*Problem to work on:* All lines in the records below with the word "thesis" must be returned.

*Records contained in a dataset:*
--- START ---

(* Let $M\ge0$. In the quotient $R_{M,n}/J_M$, the images of $\{e_\lambda:\lambda\in B^{(k,r)}_M\}$ span; i.e. for every $\lambda\in S^{(k,r)}_M$ the image of $e_\lambda$ is a $\mathbb C$-linear combination of images of $e_\mu$ with $\mu\in B^{(k,r)}_M$.
   Context: Fix integers $n\ge2$, $1\le k\le n-1$, $r\ge2$, $\tau=e^{2\pi\sqrt{-1}/(r-1)}$. Let $P=\mathbb Z^n$ and $P_M=\{\lambda\in P:-M\le\lambda_i\le M\ \forall i\}$. Let $R_{M,n}$ be the $\mathbb C$-vector space with basis $\{e_\lambda:\lambda\in P_M\}$ (identified with $W^{\otimes n}$, $W=\mathrm{span}_{\mathbb C}\{e_d:-M\le d\le M\}$, via $e_\lambda=e_{\lambda_1}\otimes\cdots\otimes e_{\lambda_n}$). Set $e(w)=\sum_{d=-M}^Me_dw^d$ for $w\in\mathbb C^\times$. Let $J_M\subset R_{M,n}$ be the span of all vectors $e(z_1)\otimes\cdots\otimes e(z_n)$ where $z\in(\mathbb C^\times)^n$ is such that for some $i_1<\dots<i_{k+1}$, some $w\in\mathbb C^\times$ and some $p_1,\dots,p_{k+1}\in\{0,\dots,r-2\}$ one has $z_{i_a}=\tau^{p_a}w$ for $1\le a\le k+1$. For $\lambda\in P$, $\rho(\lambda)$ is the unique permutation of $(\frac{n-1}2,\dots,-\frac{n-1}2)$ with $\rho(\lambda)_i>\rho(\lambda)_j$ iff $\lambda_i>\lambda_j$ or ($\lambda_i=\lambda_j$, $i<j$). For $a\ge2,b\ge1$, $(i,j)$ is a neighborhood of type $(a,b)$ in $\lambda$ if $\rho(\lambda)_i-\rho(\lambda)_j=a-1$ and either $\lambda_i-\lambda_j\le b-1$, or $\lambda_i-\lambda_j=b$ and $j<i$. $S^{(k,r)}$: the $\lambda$ having a neighborhood of type $(k+1,r-1)$; $B^{(k,r)}=P\setminus S^{(k,r)}$; $S^{(k,r)}_M=S^{(k,r)}\cap P_M$, $B^{(k,r)}_M=B^{(k,r)}\cap P_M$. *)

theory Defs
  imports Complex_Main
begin

text \<open>Weights lambda in P = Z^n are integer lists of length n (0-based indices).
  Vectors of R_{M,n} are functions int list => complex supported on P_M.\<close>

definition PM :: "nat \<Rightarrow> nat \<Rightarrow> int list set" where
  "PM n M = {l. length l = n \<and> (\<forall>i<n. \<bar>l ! i\<bar> \<le> int M)}"

definition ebas :: "int list \<Rightarrow> int list \<Rightarrow> complex" where
  "ebas l = (\<lambda>m. if m = l then 1 else 0)"

text \<open>e(z_1) tensor ... tensor e(z_n): coefficient of e_mu is prod z_i^mu_i.\<close>
definition etens :: "nat \<Rightarrow> nat \<Rightarrow> (nat \<Rightarrow> complex) \<Rightarrow> int list \<Rightarrow> complex" where
  "etens n M z = (\<lambda>m. if m \<in> PM n M then (\<Prod>i<n. z i powi (m ! i)) else 0)"

definition tau :: "nat \<Rightarrow> complex" where
  "tau r = exp (2 * pi * \<i> / of_nat (r - 1))"

definition bad_point :: "nat \<Rightarrow> nat \<Rightarrow> nat \<Rightarrow> (nat \<Rightarrow> complex) \<Rightarrow> bool" where
  "bad_point n k r z \<longleftrightarrow> (\<forall>i<n. z i \<noteq> 0) \<and>
     (\<exists>idx :: nat \<Rightarrow> nat. \<exists>w :: complex. \<exists>p :: nat \<Rightarrow> nat.
        (\<forall>a<k. idx a < idx (Suc a)) \<and> idx k < n \<and> w \<noteq> 0 \<and>
        (\<forall>a\<le>k. p a \<le> r - 2 \<and> z (idx a) = tau r ^ p a * w))"

definition Jgen :: "nat \<Rightarrow> nat \<Rightarrow> nat \<Rightarrow> nat \<Rightarrow> (int list \<Rightarrow> complex) set" where
  "Jgen n k r M = {etens n M z | z. bad_point n k r z}"

definition cspan :: "('a \<Rightarrow> complex) set \<Rightarrow> ('a \<Rightarrow> complex) set" where
  "cspan S = {v. \<exists>F c. finite F \<and> F \<subseteq> S \<and> v = (\<lambda>x. \<Sum>f\<in>F. c f * f x)}"

definition rank_pos :: "int list \<Rightarrow> nat \<Rightarrow> nat" where
  "rank_pos l i = card {j. j < length l \<and> (l ! j > l ! i \<or> (l ! j = l ! i \<and> j < i))}"

definition rho :: "int list \<Rightarrow> nat \<Rightarrow> real" where
  "rho l i = (real (length l) - 1) / 2 - real (rank_pos l i)"

definition neighborhood :: "nat \<Rightarrow> nat \<Rightarrow> int list \<Rightarrow> nat \<Rightarrow> nat \<Rightarrow> bool" where
  "neighborhood a b l i j \<longleftrightarrow> i < length l \<and> j < length l \<and>
     rho l i - rho l j = real a - 1 \<and>
     (l ! i - l ! j \<le> int b - 1 \<or> (l ! i - l ! j = int b \<and> j < i))"

definition Sset :: "nat \<Rightarrow> nat \<Rightarrow> nat \<Rightarrow> int list set" where
  "Sset n k r = {l. length l = n \<and> (\<exists>i j. neighborhood (k + 1) (r - 1) l i j)}"

definition Bset :: "nat \<Rightarrow> nat \<Rightarrow> nat \<Rightarrow> int list set" where
  "Bset n k r = {l. length l = n} - Sset n k r"

end

(*
  For l in S, a neighbourhood (i, j) of type (k + 1, r - 1) singles out the window Q of the
  k + 1 positions ranked from i to j.  Averaging e(z_1) (x) ... (x) e(z_n) over points z of the
  bad locus, with z_q = tau^(p_q) w on Q and w, p_q and the remaining z_q running over roots of
  unity, is a discrete Fourier inversion: it produces the indicator of the fibre of l, i.e. of
  all m in P_M that agree with l off Q, have the same sum over Q and are congruent to l modulo
  r - 1 on Q.  Hence e_l is congruent modulo J_M to minus the sum of the other e_m of the fibre.
  The entries of l on Q lie in an interval of length at most r - 1, so such a move cannot
  decrease the sum of squares, and if it keeps it fixed it shifts weight to earlier positions.
  So every other m in the fibre has larger potential (sum of m_q^2, minus sum of q m_q) in the
  lexicographic order, and well-founded induction over the finite set P_M concludes.
*)

theory Submission
  imports Defs "HOL-Analysis.Complex_Transcendental" "HOL-Library.FuncSet"
    "HOL-Library.Product_Lexorder"
begin

section \<open>Roots of unity\<close>

lemma prod_power_int_eq_power_int_sum:
  fixes x :: "'a :: field"
  assumes "x \<noteq> 0"
  shows "(\<Prod>a\<in>A. x powi f a) = x powi (\<Sum>a\<in>A. f a)"
  using assms by (induction A rule: infinite_finite_induct) (simp_all add: power_int_add)

lemma prod_if_dvd_else_eq_0:
  fixes x :: "'a :: field" and n :: nat
  assumes "Q \<subseteq> {..<n}" "x \<noteq> 0"
  shows "(\<Prod>q<n. if q \<in> Q then (if R dvd d q then x powi d q else 0) else if d q = 0 then 1 else 0)
    = (if \<forall>q<n. if q \<in> Q then R dvd d q else d q = 0 then x powi (\<Sum>q\<in>Q. d q) else 0)"
proof (cases "\<forall>q<n. if q \<in> Q then R dvd d q else d q = 0")
  case True
  then have "(\<Prod>q<n. if q \<in> Q then (if R dvd d q then x powi d q else 0) else if d q = 0 then 1 else 0)
      = (\<Prod>q\<in>Q. x powi d q)"
    using assms(1) by (intro prod.mono_neutral_cong_right) auto
  with True assms(2) show ?thesis
    by (simp add: prod_power_int_eq_power_int_sum)
next
  case False
  then show ?thesis
    by (auto intro!: prod_zero split: if_splits)
qed
lemma ramsey_morphisms_prod_cat:
  assumes cat1: "is_category C1" and cat2: "is_category C2" and "locally_finite C2"
    and "ramsey_morphisms C1" "ramsey_morphisms C2"
  shows "ramsey_morphisms (prod_cat C1 C2)"
  unfolding ramsey_morphisms_def
proof (intro allI impI ballI)
  fix k :: nat and A B
  assume "2 \<le> k"
    and AB: "A \<in> Obj (prod_cat C1 C2)" "B \<in> Obj (prod_cat C1 C2)" "arrow_to (prod_cat C1 C2) A B"
  obtain A1 A2 B1 B2 where split: "A = (A1, A2)" "B = (B1, B2)"
    and objs: "A1 \<in> Obj C1" "A2 \<in> Obj C2" "B1 \<in> Obj C1" "B2 \<in> Obj C2"
    and arrows: "arrow_to C1 A1 B1" "arrow_to C2 A2 B2"
    by (rule prod_cat_arrow_cases[OF AB])
  obtain D2 where D2: "D2 \<in> Obj C2" "ramsey_arrow_hom C2 D2 B2 A2 k"
    using assms(5) \<open>2 \<le> k\<close> objs arrows unfolding ramsey_morphisms_def by blast
  define Y where "Y = hom C2 A2 D2 \<rightarrow>\<^sub>E {..<k}"
  have "finite Y"
    using assms(3) objs D2(1) by (simp add: Y_def locally_finite_def finite_PiE)
  obtain D1 where D1: "D1 \<in> Obj C1" "ramsey_arrow_hom C1 D1 B1 A1 (max 2 (card Y))"
    using assms(4) objs arrows unfolding ramsey_morphisms_def by (meson max.cobounded1)
  have "mono_copies C1 (\<lambda>f. f) D1 B1 A1 {..<max 2 (card Y)}"
    using D1(2) ramsey_arrow_hom_iff_mono_copies[OF cat1] by blast
  then have mono1: "mono_copies C1 (\<lambda>f. f) D1 B1 A1 Y"
    by (rule mono_copies_finite_colours[OF cat1 _ \<open>finite Y\<close>]) simp
  have mono2: "mono_copies C2 (\<lambda>f. f) D2 B2 A2 {..<k}"
    using D2(2) ramsey_arrow_hom_iff_mono_copies[OF cat2] by blast
  obtain f0 where f0: "f0 \<in> hom C1 A1 B1"
    using arrows(1) unfolding arrow_to_def by blast
  have "mono_copies (prod_cat C1 C2) (\<lambda>f. f) (D1, D2) (B1, B2) (A1, A2) {..<k}"
    by (rule mono_copies_prod_cat[where join = Pair,
          OF cat1 cat2 _ _ f0 mono1[unfolded Y_def] mono2]) simp_all
  then have "ramsey_arrow_hom (prod_cat C1 C2) (D1, D2) B A k"
    using arrows D1(2) D2(2)
    by (simp add: split ramsey_arrow_hom_iff_mono_copies is_category_prod_cat cat1 cat2 arrow_to_prod_cat)
  moreover have "(D1, D2) \<in> Obj (prod_cat C1 C2)"
    using D1(1) D2(1) by (simp add: Obj_prod_cat)
  ultimately show "\<exists>D \<in> Obj (prod_cat C1 C2). ramsey_arrow_hom (prod_cat C1 C2) D B A k"
    by blast
qed
(* Let $\mathcal{D}$ be a liability category, let $N=(G,X,\lambda,\iota;\delta,\hat\alpha)$ be a liability network in $\mathcal{D}$ with underlying finite directed graph $G=(V,E,s,t)$, and let $\mathcal{L}$ be its liability sheaf on the liability hypergraph $\mathcal{H}_G$. Then the assignment sending a global section $\sigma\in\Gamma(\mathcal{H}_G;\mathcal{L})$ to the family of its components $(x_v)_{v\in V}$, $x_v=\sigma_v:1\to X_v$, and $(p_e)_{e\in E}$, $p_e=\sigma_{e^*}:1\to X_{s(e)}^{\lambda_e}$, is a bijection from $\Gamma(\mathcal{H}_G;\mathcal{L})$ onto the set of families of global elements $x_v:1\to X_v$ ($v\in V$), $p_e:1\to X_{s(e)}^{\lambda_e}$ ($e\in E$) satisfying \[ p_e=\delta_e\circ x_{s(e)}\ \text{ for all } e\in E,\qquad x_v=\alpha_v\circ\langle p_e\rangle_{t(e)=v}\ \text{ for all } v\in V. \] In other words, a global section is uniquely determined by such elements satisfying these two equations, and every such family arises from a global section.
   Context: A liability category is a category $\mathcal{D}$ such that: (1) $\mathcal{D}$ has a terminal object $1$, all finite products, and equalizers; (2) for each object $P$ the set $\mathrm{Hom}(1,P)$ of global elements carries a partial order $\leqslant$, and for each morphism $f:P\to Q$ the map $f_*:\mathrm{Hom}(1,P)\to\mathrm{Hom}(1,Q)$, $\rho\mapsto f\circ\rho$, is order-preserving; (3) for each $P$ there is a distinguished class $\mathcal{S}_P$ of monomorphisms $m:P^c\hookrightarrow P$ (one representative per subobject class), called constraint subobjects, stable under pullback: if $m\in\mathcal{S}_P$ and $f:Q\to P$, a chosen pullback $f^*m$ lies in $\mathcal{S}_Q$; (4) for each $P$ a bound selector $\beta_P:\mathrm{Hom}(1,P)\to\mathcal{S}_P$; (5) for every finite family $(P_i)$ the canonical map $\mathrm{Hom}(1,\prod_i P_i)\to\prod_i\mathrm{Hom}(1,P_i)$ is an order isomorphism for the componentwise order. A liability network in $\mathcal{D}$ is $N=(G,X,\lambda,\iota;\delta,\hat\alpha)$ where $G=(V,E,s,t)$ is a finite directed graph; $X_v\in\mathcal{D}$ ($v\in V$) are payment objects; $\lambda_e:1\to X_{s(e)}$ ($e\in E$) are liability morphisms; $\iota_v:1\to X_v$ are exogenous resource morphisms; writing $X_{s(e)}^{\lambda_e}$ for the domain of the constraint subobject $\beta_{X_{s(e)}}(\lambda_e)\hookrightarrow X_{s(e)}$, $\delta_e:X_{s(e)}\to X_{s(e)}^{\lambda_e}$ are distributor morphisms; and $\hat\alpha_v:X_v\times\prod_{t(e)=v}X_{s(e)}^{\lambda_e}\to X_v$ are aggregator morphisms. The partial aggregator is $\alpha_v:=\hat\alpha_v\circ(\iota_v\times\mathrm{id}):\prod_{t(e)=v}X_{s(e)}^{\lambda_e}\to X_v$ (via $\prod\cong 1\times\prod$); an empty product is the terminal object $1$. The liability hypergraph $\mathcal{H}_G$ has vertex set $V\sqcup\{e^*:e\in E\}$ and hyperedges $h_v^{\delta}$ ($v\in V$) with source $\{v\}$ and target $\{e^*:s(e)=v\}$, and $h_v^{\alpha}$ ($v\in V$) with empty source and target $\{e^*:t(e)=v\}\cup\{v\}$. Its incidence category $\mathcal{I}(\mathcal{H}_G)$ has as objects the vertices and hyperedges, with exactly one morphism $h\to w$ for each hyperedge $h$ and each vertex $w$ in the source or target of $h$, plus identities, and no other morphisms. The liability sheaf is the functor $\mathcal{L}:\mathcal{I}(\mathcal{H}_G)\to\mathcal{D}$ with $\mathcal{L}(v)=X_v$, $\mathcal{L}(e^* )=X_{s(e)}^{\lambda_e}$, $\mathcal{L}(h_v^\delta)=X_v$, $\mathcal{L}(h_v^\alpha)=\prod_{t(e)=v}X_{s(e)}^{\lambda_e}$, and $\mathcal{L}(h_v^\delta\to v)=\mathrm{id}_{X_v}$, $\mathcal{L}(h_v^\delta\to e^* )=\delta_e$, $\mathcal{L}(h_v^\alpha\to e^* )=\pi_e$ (product projection), $\mathcal{L}(h_v^\alpha\to v)=\alpha_v$. The global-section object is $H^0(\mathcal{H}_G;\mathcal{L})=\lim_{\mathcal{I}(\mathcal{H}_G)}\mathcal{L}$ and the set of global sections is $\Gamma(\mathcal{H}_G;\mathcal{L})=\mathrm{Hom}_{\mathcal{D}}(1,H^0(\mathcal{H}_G;\mathcal{L}))$; for $\sigma\in\Gamma$ and an object $y$ of $\mathcal{I}(\mathcal{H}_G)$, $\sigma_y$ denotes the composite of $\sigma$ with the limit projection to $\mathcal{L}(y)$. *)

theory Defs
  imports "HOL-Library.FuncSet"
begin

--- END ---

*Answer for this exercise:*
  with True assms(2) show ?thesis
  then show ?thesis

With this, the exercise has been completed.